- Amazon on Friday said it acquired iRobot, the company that makes Roomba vacuums, for $1.7 billion.
- The deal prompted concerns from data-privacy experts and antitrust researchers.
After Amazon on Friday said it acquired iRobot, the company behind Roomba vacuums, data-privacy experts and antitrust researchers quickly raised alarm, saying the tech giant could use the purchase to vacuum up personal information from inside users' homes.
Advanced Roomba vacuums have internal mapping technology that learns the floor plan of a user's home. The devices can also "adapt to and remember" up to 10 floor plans "so users can carry their robot to another floor or a separate home, where the robot will recognize its location and clean as instructed," press releases by iRobot say. Some models have low-resolution cameras to avoid obstacles and aid in mapping.
"People tend to think of Amazon as an online-seller company, but, really, Amazon is a surveillance company.
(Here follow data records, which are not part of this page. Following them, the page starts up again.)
lemma upper_triangular_right_inverse:
  fixes A B :: "('a::field)^('n::{finite,linorder})^('n::{finite,linorder})"
  assumes A: "upper_triangular A" "invertible A" and AB: "A ** B = mat 1"
  shows "upper_triangular B"
  unfolding upper_triangular_def
proof (rule ccontr)
  assume "\<not> (\<forall>i j. j < i \<longrightarrow> B $ i $ j = 0)"
  then obtain i j where "j < i" "B $ i $ j \<noteq> 0"
    by blast
  \<comment> \<open>the lowest nonzero entry of column \<open>j\<close> below the diagonal would survive in \<open>A ** B\<close>\<close>
  let ?S = "{i. j < i \<and> B $ i $ j \<noteq> 0}"
  define m where "m = Max ?S"
  have m: "j < m" "B $ m $ j \<noteq> 0"
    using Max_in[of ?S] \<open>j < i\<close> \<open>B $ i $ j \<noteq> 0\<close> unfolding m_def by auto
  have below: "B $ k $ j = 0" if "m < k" for k
  proof (rule ccontr)
    assume "B $ k $ j \<noteq> 0"
    then have "k \<le> m"
      using that m(1) unfolding m_def by simp
    with that show False
      by simp
  qed
  have "A $ m $ k * B $ k $ j = 0" if "k \<noteq> m" for k
    using A(1) below that unfolding upper_triangular_def by (cases k m rule: linorder_cases) auto
  then have "(A ** B) $ m $ j = A $ m $ m * B $ m $ j"
    by (rule matrix_mult_nth_eq_single)
  also have "\<dots> \<noteq> 0"
    using m upper_triangular_diag_nonzero[OF A] by simp
  finally have "(A ** B) $ m $ j \<noteq> 0" .
  moreover have "m \<noteq> j"
    using m(1) by simp
  ultimately show False
    using AB by (simp add: mat_def)
qed

lemma mat_mult_eq_scaleR: "mat l ** A = l *\<^sub>R (A :: real^'n^'m)"
  by (simp add: vec_eq_iff matrix_matrix_mult_def mat_def if_distrib[of "\<lambda>x. x * _"] cong: if_cong)

lemma scaleR_mat: "c *\<^sub>R (mat d :: real^'n^'n) = mat (c * d)"
  by (simp add: vec_eq_iff mat_def)

lemma mult_mat_eq_scaleR: "(A :: real^'n^'m) ** mat l = l *\<^sub>R A"
  by (simp add: vec_eq_iff matrix_matrix_mult_def mat_def if_distrib[of "\<lambda>x. _ * x"] mult.commute
      cong: if_cong)

lemma matrix_add_rdistrib: "(B + C) ** A = B ** A + C ** A"
  by (vector matrix_matrix_mult_def sum.distrib[symmetric] field_simps)

type_synonym 'n sqmat = "real^'n^'n"

lemma UT_group_simps [simp]:
  "carrier UT_group = UT_carrier" "mult UT_group = (**)" "one UT_group = mat 1"
  by (simp_all add: UT_group_def)

lemma group_UT_group: "group (UT_group :: ('n::{finite,linorder}) sqmat monoid)"
proof (rule groupI)
  fix x y :: "'n sqmat"
  assume "x \<in> carrier UT_group" "y \<in> carrier UT_group"
  then show "x \<otimes>\<^bsub>UT_group\<^esub> y \<in> carrier UT_group"
    by (simp add: UT_carrier_iff invertible_mult upper_triangular_mult)
next
  have "invertible (mat 1 :: 'n sqmat)"
    unfolding invertible_def by (intro exI[of _ "mat 1"]) simp
  then show "\<one>\<^bsub>UT_group\<^esub> \<in> carrier (UT_group :: 'n sqmat monoid)"
    by (simp add: UT_carrier_iff upper_triangular_def mat_def)
next
  fix x y z :: "'n sqmat"
  show "x \<otimes>\<^bsub>UT_group\<^esub> y \<otimes>\<^bsub>UT_group\<^esub> z = x \<otimes>\<^bsub>UT_group\<^esub> (y \<otimes>\<^bsub>UT_group\<^esub> z)"
    by (simp add: matrix_mul_assoc)
next
  fix x :: "'n sqmat"
  show "\<one>\<^bsub>UT_group\<^esub> \<otimes>\<^bsub>UT_group\<^esub> x = x"
    by simp
next
  fix x :: "'n sqmat"
  assume x: "x \<in> carrier UT_group"
  then obtain y where y: "x ** y = mat 1" "y ** x = mat 1"
    by (auto simp: UT_carrier_iff invertible_def)
  then have "y \<in> UT_carrier"
    using x upper_triangular_right_inverse[of x y] by (auto simp: UT_carrier_iff invertible_def)
  then show "\<exists>y\<in>carrier UT_group. y \<otimes>\<^bsub>UT_group\<^esub> x = \<one>\<^bsub>UT_group\<^esub>"
    using y by auto
qed

lemma UT_mult_closed: "g \<in> UT_carrier \<Longrightarrow> h \<in> UT_carrier \<Longrightarrow> g ** h \<in> UT_carrier"
  using group.subgroup_self[OF group_UT_group] subgroup.m_closed by fastforce

lemma UT_inv:
  assumes "g \<in> UT_carrier"
  shows "inv\<^bsub>UT_group\<^esub> g \<in> UT_carrier" "g ** inv\<^bsub>UT_group\<^esub> g = mat 1" "inv\<^bsub>UT_group\<^esub> g ** g = mat 1"
  using assms group.inv_closed[OF group_UT_group] group.r_inv[OF group_UT_group]
    group.l_inv[OF group_UT_group] by fastforce+

lemma UT_inv_eq:
  assumes "g \<in> UT_carrier" "h \<in> UT_carrier" "h ** g = mat 1"
  shows "inv\<^bsub>UT_group\<^esub> g = h"
  using group.inv_equality[OF group_UT_group, of h g] assms by simp

lemma UT_diag_nonzero: "g \<in> UT_carrier \<Longrightarrow> g $ i $ i \<noteq> 0"
  by (simp add: UT_carrier_iff upper_triangular_diag_nonzero)

lemma UT_diag_mult: "g \<in> UT_carrier \<Longrightarrow> h \<in> UT_carrier \<Longrightarrow> (g ** h) $ i $ i = g $ i $ i * h $ i $ i"
  by (simp add: UT_carrier_iff upper_triangular_mult_diag)

lemma UT_diag_inv:
  assumes g: "g \<in> UT_carrier"
  shows "(inv\<^bsub>UT_group\<^esub> g) $ i $ i = 1 / g $ i $ i"
proof -
  have "g $ i $ i * (inv\<^bsub>UT_group\<^esub> g) $ i $ i = 1"
    using UT_diag_mult[OF g UT_inv(1)[OF g], of i] UT_inv(2)[OF g] by (simp add: mat_def)
  then show ?thesis
    using UT_diag_nonzero[OF g] by (simp add: field_simps)
qed

lemma UT_commutator_diag:
  assumes a: "a \<in> UT_carrier" and b: "b \<in> UT_carrier"
  shows "(a ** b ** inv\<^bsub>UT_group\<^esub> a ** inv\<^bsub>UT_group\<^esub> b) $ i $ i = 1"
  using UT_diag_nonzero[OF a, of i] UT_diag_nonzero[OF b, of i]
  by (simp add: a b UT_inv UT_mult_closed UT_diag_mult UT_diag_inv)

section \<open>Elementary matrices and the centre\<close>

definition matrix_unit :: "'n::finite \<Rightarrow> 'n \<Rightarrow> 'n sqmat" where
  "matrix_unit i j = (\<chi> a b. if a = i \<and> b = j then 1 else 0)"

lemma matrix_unit_nth [simp]: "matrix_unit i j $ a $ b = (if a = i \<and> b = j then 1 else 0)"
  by (simp add: matrix_unit_def)

lemma mult_matrix_unit_nth: "(A ** matrix_unit i j) $ a $ b = (if b = j then A $ a $ i else 0)"
  by (simp add: matrix_matrix_mult_def if_distrib[of "\<lambda>x. _ * x"] cong: if_cong)

lemma matrix_unit_mult_nth: "(matrix_unit i j ** A) $ a $ b = (if a = i then A $ j $ b else 0)"
  by (simp add: matrix_matrix_mult_def if_distrib[of "\<lambda>x. x * _"] cong: if_cong)

lemma matrix_unit_mult_matrix_unit:
  "matrix_unit i j ** matrix_unit k l = (if j = k then matrix_unit i l else 0)"
  by (auto simp: vec_eq_iff mult_matrix_unit_nth)

definition elementary :: "'n::finite \<Rightarrow> 'n \<Rightarrow> real \<Rightarrow> 'n sqmat" where
  "elementary i j c = mat 1 + c *\<^sub>R matrix_unit i j"

lemma elementary_nth: "elementary i j c $ a $ b = (if a = b then 1 else 0) + (if a = i \<and> b = j then c else 0)"
  by (simp add: elementary_def mat_def)

lemma elementary_zero [simp]: "elementary i j 0 = mat 1"
  by (simp add: elementary_def)

lemma elementary_mult:
  "elementary i j a ** elementary i j b = elementary i j (a + b + (if i = j then a * b else 0))"
  by (simp add: elementary_def matrix_add_ldistrib matrix_add_rdistrib matrix_scalar_ac
      scalar_matrix_assoc[symmetric] matrix_unit_mult_matrix_unit algebra_simps)

lemma elementary_in_UT_carrier:
  assumes "i \<le> j" and "i = j \<Longrightarrow> c \<noteq> -1"
  shows "elementary i j c \<in> UT_carrier"
proof -
  define c' where "c' = (if i = j then - c / (1 + c) else - c)"
  have "1 + c \<noteq> 0" if "i = j"
    using assms(2)[OF that] by linarith
  then have "c + c' + (if i = j then c * c' else 0) = 0"
    by (cases "i = j") (simp_all add: c'_def field_simps)
  moreover have "c' + c + (if i = j then c' * c else 0) = c + c' + (if i = j then c * c' else 0)"
    by (simp add: mult.commute)
  ultimately have "elementary i j c ** elementary i j c' = mat 1" "elementary i j c' ** elementary i j c = mat 1"
    by (simp_all only: elementary_mult elementary_zero)
  then have "invertible (elementary i j c)"
    unfolding invertible_def by blast
  moreover have "upper_triangular (elementary i j c)"
    using assms(1) by (auto simp: upper_triangular_def elementary_nth)
  ultimately show ?thesis
    by (simp add: UT_carrier_iff)
qed

lemma commutes_matrix_unit_if_commutes_elementary:
  assumes "A ** elementary i j c = elementary i j c ** A" "c \<noteq> 0"
  shows "A ** matrix_unit i j = matrix_unit i j ** A"
proof -
  have "A + c *\<^sub>R (A ** matrix_unit i j) = A + c *\<^sub>R (matrix_unit i j ** A)"
    using assms(1) unfolding elementary_def
    by (simp add: matrix_add_ldistrib matrix_add_rdistrib matrix_scalar_ac scalar_matrix_assoc[symmetric])
  then show ?thesis
    using assms(2) by simp
qed

lemma commutes_matrix_unit_nth:
  assumes "A ** matrix_unit i j = matrix_unit i j ** A"
  shows "a \<noteq> i \<Longrightarrow> A $ a $ i = 0" "b \<noteq> j \<Longrightarrow> A $ j $ b = 0" "A $ i $ i = A $ j $ j"
    using arg_cong[OF assms, of "\<lambda>M. M $ a $ j"] arg_cong[OF assms, of "\<lambda>M. M $ i $ b"]
      arg_cong[OF assms, of "\<lambda>M. M $ i $ j"]
    by (simp_all add: mult_matrix_unit_nth matrix_unit_mult_nth)

lemma elementary_commutator:
  assumes "i \<noteq> j"
  shows "elementary i i 1 ** elementary i j 1 ** elementary i i (-1/2) ** elementary i j (-1) = elementary i j 1"
proof -
  \<comment> \<open>conjugating by \<open>diag(1, .., 2, .., 1)\<close> doubles the entry \<open>(i, j)\<close>\<close>
  have "elementary i i 1 ** matrix_unit i j = 2 *\<^sub>R matrix_unit i j"
    by (auto simp: vec_eq_iff mult_matrix_unit_nth elementary_nth)
  moreover have "matrix_unit i j ** elementary i i (-1/2) = matrix_unit i j"
    using assms by (auto simp: vec_eq_iff matrix_unit_mult_nth elementary_nth)
  moreover have "elementary i i 1 ** elementary i i (-1/2) = mat 1"
    by (simp add: elementary_mult)
  ultimately have "elementary i i 1 ** elementary i j 1 ** elementary i i (-1/2) = elementary i j 2"
    by (simp add: elementary_def[of i j] matrix_add_ldistrib matrix_add_rdistrib matrix_scalar_ac
        scalar_matrix_assoc[symmetric] matrix_mul_assoc[symmetric])
  then show ?thesis
    using assms by (simp add: elementary_mult)
qed

definition first_index :: "'n::{finite,linorder}" where
  "first_index = Min UNIV"

definition last_index :: "'n::{finite,linorder}" where
  "last_index = Max UNIV"

lemma first_index_le: "first_index \<le> i"
  by (simp add: first_index_def)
That is the core of its business model, and that's what drives its monopoly power and profit," Evan Greer, the director of the nonprofit digital-rights-advocacy organization Fight for the Future, told Wired. "Amazon wants to have its hands everywhere, and acquiring a company that's essentially built on mapping the inside of people's homes seems like a natural extension of the surveillance reach that Amazon already has."
Ron Knox, a senior researcher and writer for the Institute for Local Self-Reliance — a nonprofit that gives tech assistance to community businesses — said in a series of tweets after the acquisition was announced that the $1.7 billion deal, the fourth-largest acquisition in Amazon's portfolio, "may be the most dangerous, threatening acquisition in the company's history."
The move, Knox told Insider, is uniquely dangerous for a few reasons: First, Amazon will be acquiring an established market share, not a startup, which he said would cut off competition in a market that already wasn't competitive and could further Amazon's reach. Second, because of the massive amount of data that comes with accessing iRobot's established data sets, Amazon can collect new information through the robots, he added.
"I think this feels really intrusive to people — and it should," Knox told Insider. "Like, when people buy a Roomba, it's because they want clean floors. They don't buy a Roomba to have a little robot inside of your house spying on the layout of your home and whether or not you have a crib in your house or whether or not there are pet toys and a pet bed in a room of your house. So then it can funnel that information to Amazon, and Amazon can push whatever dog-toy ads to you the next time you log on."
Amazon declined to be interviewed by Insider on data-privacy concerns but indicated the company didn't sell consumer data to third parties or use it for purposes customers "haven't consented to."
"Protecting customer data has always been incredibly important to Amazon, and we think we've been very good stewards of peoples' data across all of our businesses," an Amazon spokesperson said in a statement emailed to Insider. "Customer trust is something we have worked hard to earn — and work hard to keep — every day."
Robert Weissman, the president of Public Citizen, a nonprofit consumer-rights advocacy group, said federal regulators should prevent Amazon's purchase of iRobot, citing concerns over the company's 56.7% market share.
"The last thing American and the world needs is Amazon vacuuming up even more of our personal information," Weissman said in a statement. "This is not just about Amazon selling another device in its marketplace. It's about the company gaining still more intimate details of our lives to gain unfair market advantage and sell us more stuff."
The deal has not been approved by Federal Trade Commission regulators, who could terminate the deal under antitrust laws.
The Roomba deal isn't the only recent Amazon acquisition to raise privacy concerns. The announcement came less than a month after Amazon announced a $3.9 billion deal to acquire One Medical — which prompted worries about privacy because of the nature of medical-data collection.
Ring, the company's security-surveillance doorbell — which partners with thousands of police departments — acknowledged in a letter to Sen. Ed Markey of Massachusetts last month that it had shared with law enforcement footage taken from 11 customers' residences without warrants, Politico reported.
"When the company that has its cameras and microphones in your speakers, your doorbell, your security cameras tries to buy the company that knows the shape and contents of your home, it's bad in all the ways," Knox said.